For ease of understanding, Raft uses algorithm decomposition (leader election, log replication, and security) and state reduction. Unlike previous consistency algorithms, Raft has some special features:
- A strong Leader. Raft uses a strong Leader feature where log replication can only be replicated from the Leader node to other nodes.
- Leader election. Raft uses a random timeout to elect the Leader to ensure that the election does not fail.
- Member changes. Raft uses a federated consistency approach to ensure that services are not affected when member configurations change.
2 Replicate the state machine
Consistency algorithm is put forward in the background of replication state machine. In a replication state machine, servers in a cluster make the same copies from the same state, and clients can continue to perform operations even if some of the servers go down. Replication state machines can be used to solve many fault tolerance problems in distributed systems. Large distributed systems usually have a cluster leader, such as GFS, HDFS, etc., usually use a separate replication state machine to manage the leader election and configuration information to cope with the leader crash. Other examples include Chubby and ZooKeeper.
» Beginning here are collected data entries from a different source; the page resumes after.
lemma abs_partial_sum_le_of_dyadic_max:
  fixes X :: "nat \<Rightarrow> 'a \<Rightarrow> real"
  assumes q: "q > 0" and eventually_less: "\<forall>m\<ge>m0. dyadic_max X m 0 \<omega> < (2 powr q)^m"
    and "n \<ge> 1" "j \<le> n"
  shows "\<bar>\<Sum>k<j. X k \<omega>\<bar> \<le> dyadic_max X m0 0 \<omega> + 2 powr q * real n powr q"
proof -
  have bound: "\<bar>\<Sum>k<j. X k \<omega>\<bar> \<le> dyadic_max X m 0 \<omega>" if "n \<le> 2^m" for m
    using abs_sum_le_dyadic_max[where i=j and l=m and a=0] that \<open>j \<le> n\<close> by (simp add: atLeast0LessThan)
  define m where "m = (LEAST m. n \<le> 2^m)"
  have nm: "n \<le> 2^m"
    unfolding m_def by (rule LeastI_ex) (meson less_exp less_imp_le)
  show ?thesis
  proof (cases "m \<le> m0")
    case True
    then have "(2::nat)^m \<le> 2^m0" by (rule power_increasing) simp
    then have "n \<le> 2^m0" using nm by linarith
    moreover have "0 \<le> 2 powr q * real n powr q" by simp
    ultimately show ?thesis using bound[of m0] by linarith
  next
    case False
    then obtain m' where m': "m = Suc m'" by (cases m) auto
    have "\<not> n \<le> 2^m'" unfolding m_def by (rule not_less_Least) (simp add: m_def[symmetric] m')
    then have "real (2^m') \<le> real n" by simp
    have "dyadic_max X m 0 \<omega> < (2 powr q)^m" using eventually_less False by simp
    then have "\<bar>\<Sum>k<j. X k \<omega>\<bar> < (2 powr q)^m" using bound[OF nm] by linarith
    also have "(2 powr q)^m = 2 powr q * real (2^m') powr q"
      by (simp add: m' realpow_powr)
    also have "\<dots> \<le> 2 powr q * real n powr q"
      using \<open>real (2^m') \<le> real n\<close> q by (intro mult_left_mono powr_mono2) auto
    finally show ?thesis using dyadic_max_nonneg[of X m0 0 \<omega>] by linarith
  qed
qed

lemma power2_add_le_weighted:
  fixes d z t :: real
  assumes "t > 0"
  shows "(d + z)^2 \<le> (1 + t) * d^2 + (1 + 1/t) * z^2"
proof -
  have "(1 + t) * d^2 + (1 + 1/t) * z^2 - (d + z)^2 = (t * d - z)^2 / t"
    using assms by (simp add: field_simps power2_eq_square)
  then show ?thesis using assms by (metis diff_ge_0_iff_ge divide_nonneg_pos zero_le_power2)
qed

lemma dyadic_max_Suc_square_le:
  fixes t :: real
  assumes t: "t > 0"
  shows "(dyadic_max X (Suc l) a \<omega>)^2 \<le> (1 + t) * (\<Sum>k\<in>{a..<a+2^l}. X k \<omega>)^2
           + (1 + 1/t) * ((dyadic_max X l a \<omega>)^2 + (dyadic_max X l (a+2^l) \<omega>)^2)"
proof -
  let ?D = "\<Sum>k\<in>{a..<a+2^l}. X k \<omega>" and ?L = "dyadic_max X l a \<omega>" and ?R = "dyadic_max X l (a+2^l) \<omega>"
  have "(max ?L ?R)^2 \<le> ?L^2 + ?R^2"
    using dyadic_max_nonneg[of X l a \<omega>] dyadic_max_nonneg[of X l "a+2^l" \<omega>] by (simp add: max_def)
  then have "(1 + 1/t) * (max ?L ?R)^2 \<le> (1 + 1/t) * (?L^2 + ?R^2)"
    using t by (intro mult_left_mono) auto
  moreover have "(\<bar>?D\<bar> + max ?L ?R)^2 \<le> (1 + t) * \<bar>?D\<bar>^2 + (1 + 1/t) * (max ?L ?R)^2"
    by (rule power2_add_le_weighted[OF t])
  ultimately show ?thesis by simp
qed

locale orthogonal_family = prob_space +
  fixes X :: "nat \<Rightarrow> 'a \<Rightarrow> real" and v :: "nat \<Rightarrow> real"
  assumes measurable_X [measurable]: "X k \<in> borel_measurable M"
    and integrable_mult: "integrable M (\<lambda>\<omega>. X i \<omega> * X j \<omega>)"
    and integral_mult: "(\<integral>\<omega>. X i \<omega> * X j \<omega> \<partial>M) = (if i = j then v i else 0)"
begin

lemma variance_nonneg: "0 \<le> v k"
  using integral_mult[of k k] integral_nonneg_AE[of "\<lambda>\<omega>. X k \<omega> * X k \<omega>" M] by simp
The replication state machine is implemented by copying logs, as shown in the following figure. Each server stores a log, which stores a series of commands, and the state of the server executes those commands in sequence. The same commands are stored in the same order in each log, and the state machine executes those same commands in the same order. Each server’s state machine is deterministic, they execute the same commands in the same order, and the final state and output must be the same.
Copy the state machine icon
It is the job of the consistency algorithm to keep the replication logs consistent. The consistency module on the server receives client commands and adds them to its log. It communicates with other servers to ensure that each log eventually contains the same commands in the same order, even if a server goes down in the process. Once the client commands are correctly copied, each server’s state machine processes the commands in the order in the log and returns the output to the client. In the end, these servers look like a highly available state machine.
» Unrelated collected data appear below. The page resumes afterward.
(* Consider the perturbed federated algorithm described in the context, with $\beta\in(0,1)$. Assume that the bounded variance, bounded stochastic gradient norm and $L$-smoothness assumptions hold. Then for every round $t\ge0$ and every pair of clients $i,j$, $$\mathbb{E}\|\mathbf{u}^i_t-\mathbf{u}^j_t\|^2\le\mathbb{1}_{t\ge1}\,4\gamma_{t-1}^2E^2G^2.$$
   Context: Setting: there are $C$ clients with local objectives $F_i:\mathbb{R}^D\to\mathbb{R}$. Similarity weights $p_{in}\ge0$ are symmetric, satisfy $p_{ii}=0$, and $\sum_{i,n}p_{in}=1$. Let $p_i=\sum_np_{in}>0$. Algorithm, with parameter $\beta$, $E\ge1$ local steps and step sizes $\gamma_t$, all clients participating: - $\mathbf{u}^i_0=\overline{\mathbf{w}}_{0,0}$. - In round $t$, $\mathbf{w}^i_{t,0}=\overline{\mathbf{w}}_{t,0}$. For $k=0,\dots,E-1$, $\widetilde{\mathbf{w}}^i_{t,k}=\beta\mathbf{w}^i_{t,k}+(1-\beta)\mathbf{u}^i_t$ and $\mathbf{w}^i_{t,k+1}=\mathbf{w}^i_{t,k}-\gamma_tg_i(\widetilde{\mathbf{w}}^i_{t,k})$, with stochastic gradients $g_i$ of $F_i$ sampled independently given the past. - $\overline{\mathbf{w}}_{t,k}=\sum_ip_i\mathbf{w}^i_{t,k}$ and $\overline{\mathbf{w}}_{t+1,0}=\overline{\mathbf{w}}_{t,E}$. - For $t\ge1$, $\mathbf{u}^i_t=\frac1{p_i}\sum_np_{in}\mathbf{w}^n_{t-1,E}$. Assumptions: - Unbiasedness: $\mathbb{E}\,g_i(\widetilde{\mathbf{w}}^i_{t,k})=\nabla F_i(\widetilde{\mathbf{w}}^i_{t,k})$. - Variance: $\mathbb{E}\|g_i(\widetilde{\mathbf{w}}^i_{t,k})-\nabla F_i(\widetilde{\mathbf{w}}^i_{t,k})\|^2\le\sigma^2$. - Bounded second moment: $\mathbb{E}\|g_i(\widetilde{\mathbf{w}}^i_{t,k})\|^2\le G^2$. - Each $\nabla F_i$ is $L$-Lipschitz. $\mathbb{E}$ is total expectation. *)

theory Defs
  imports "HOL-Analysis.Analysis" "HOL-Probability.Probability"
begin

text \<open>Clients are indexed by 0..C-1. p i n are the similarity weights,
  pbar p C i = p_i = sum_n p_in.\<close>

definition pbar :: "(nat \<Rightarrow> nat \<Rightarrow> real) \<Rightarrow> nat \<Rightarrow> nat \<Rightarrow> real" where
  "pbar p C i = (\<Sum>n<C. p i n)"

definition avg_w :: "(nat \<Rightarrow> nat \<Rightarrow> real) \<Rightarrow> nat \<Rightarrow> (nat \<Rightarrow> 'a::real_vector) \<Rightarrow> 'a" where
  "avg_w p C W = (\<Sum>i<C. pbar p C i *\<^sub>R W i)"

definition anchor :: "(nat \<Rightarrow> nat \<Rightarrow> real) \<Rightarrow> nat \<Rightarrow> (nat \<Rightarrow> 'a::real_vector) \<Rightarrow> nat \<Rightarrow> 'a" where
  "anchor p C W i = (1 / pbar p C i) *\<^sub>R (\<Sum>n<C. p i n *\<^sub>R W n)"

text \<open>Local run of one client within one round: start point ws, anchor u,
  step size gam, stochastic gradient oracle gr k x (for local step k at point x).
  local_w ... k = w_{t,k}.\<close>
primrec local_w :: "real \<Rightarrow> real \<Rightarrow> (nat \<Rightarrow> 'a \<Rightarrow> 'a) \<Rightarrow> 'a \<Rightarrow> 'a \<Rightarrow> nat \<Rightarrow> 'a::real_vector" where
  "local_w beta gam gr ws u 0 = ws"
| "local_w beta gam gr ws u (Suc k) =
     local_w beta gam gr ws u k
       - gam *\<^sub>R gr k (beta *\<^sub>R local_w beta gam gr ws u k + (1 - beta) *\<^sub>R u)"

text \<open>For a fixed realisation of the randomness, g i t k x is the stochastic
  gradient of F_i returned at point x in local step k of round t.
  last_iters ... t i = w^i_{t,E}.\<close>
primrec last_iters :: "(nat \<Rightarrow> nat \<Rightarrow> real) \<Rightarrow> nat \<Rightarrow> real \<Rightarrow> nat \<Rightarrow> (nat \<Rightarrow> real)
    \<Rightarrow> (nat \<Rightarrow> nat \<Rightarrow> nat \<Rightarrow> 'a \<Rightarrow> 'a) \<Rightarrow> 'a \<Rightarrow> nat \<Rightarrow> nat \<Rightarrow> 'a::real_vector" where
  "last_iters p C beta E gamma g w0 0 =
     (\<lambda>i. local_w beta (gamma 0) (g i 0) w0 w0 E)"
| "last_iters p C beta E gamma g w0 (Suc t) =
     (\<lambda>i. local_w beta (gamma (Suc t)) (g i (Suc t))
            (avg_w p C (last_iters p C beta E gamma g w0 t))
            (anchor p C (last_iters p C beta E gamma g w0 t) i) E)"

definition u_fed :: "(nat \<Rightarrow> nat \<Rightarrow> real) \<Rightarrow> nat \<Rightarrow> real \<Rightarrow> nat \<Rightarrow> (nat \<Rightarrow> real)
    \<Rightarrow> (nat \<Rightarrow> nat \<Rightarrow> nat \<Rightarrow> 'a \<Rightarrow> 'a) \<Rightarrow> 'a \<Rightarrow> nat \<Rightarrow> nat \<Rightarrow> 'a::real_vector" where
  "u_fed p C beta E gamma g w0 t i =
     (if t = 0 then w0 else anchor p C (last_iters p C beta E gamma g w0 (t - 1)) i)"

definition wbar_fed :: "(nat \<Rightarrow> nat \<Rightarrow> real) \<Rightarrow> nat \<Rightarrow> real \<Rightarrow> nat \<Rightarrow> (nat \<Rightarrow> real)
    \<Rightarrow> (nat \<Rightarrow> nat \<Rightarrow> nat \<Rightarrow> 'a \<Rightarrow> 'a) \<Rightarrow> 'a \<Rightarrow> nat \<Rightarrow> 'a::real_vector" where
  "wbar_fed p C beta E gamma g w0 t =
     (if t = 0 then w0 else avg_w p C (last_iters p C beta E gamma g w0 (t - 1)))"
Consistency algorithms used in practical systems usually have the following characteristics:
- Ensure safety. Ensure security under all non-Byzantine conditions, including network latency, partitioning, packet loss, out-of-order, etc.
- High availability. A system is available as long as a majority (more than half) of the servers in the cluster are available. For example, a cluster of five servers can allow two servers to go down without affecting service.
- Log consistency is guaranteed independent of timing. Incorrect clocks and extreme message latency are at worst usability problems.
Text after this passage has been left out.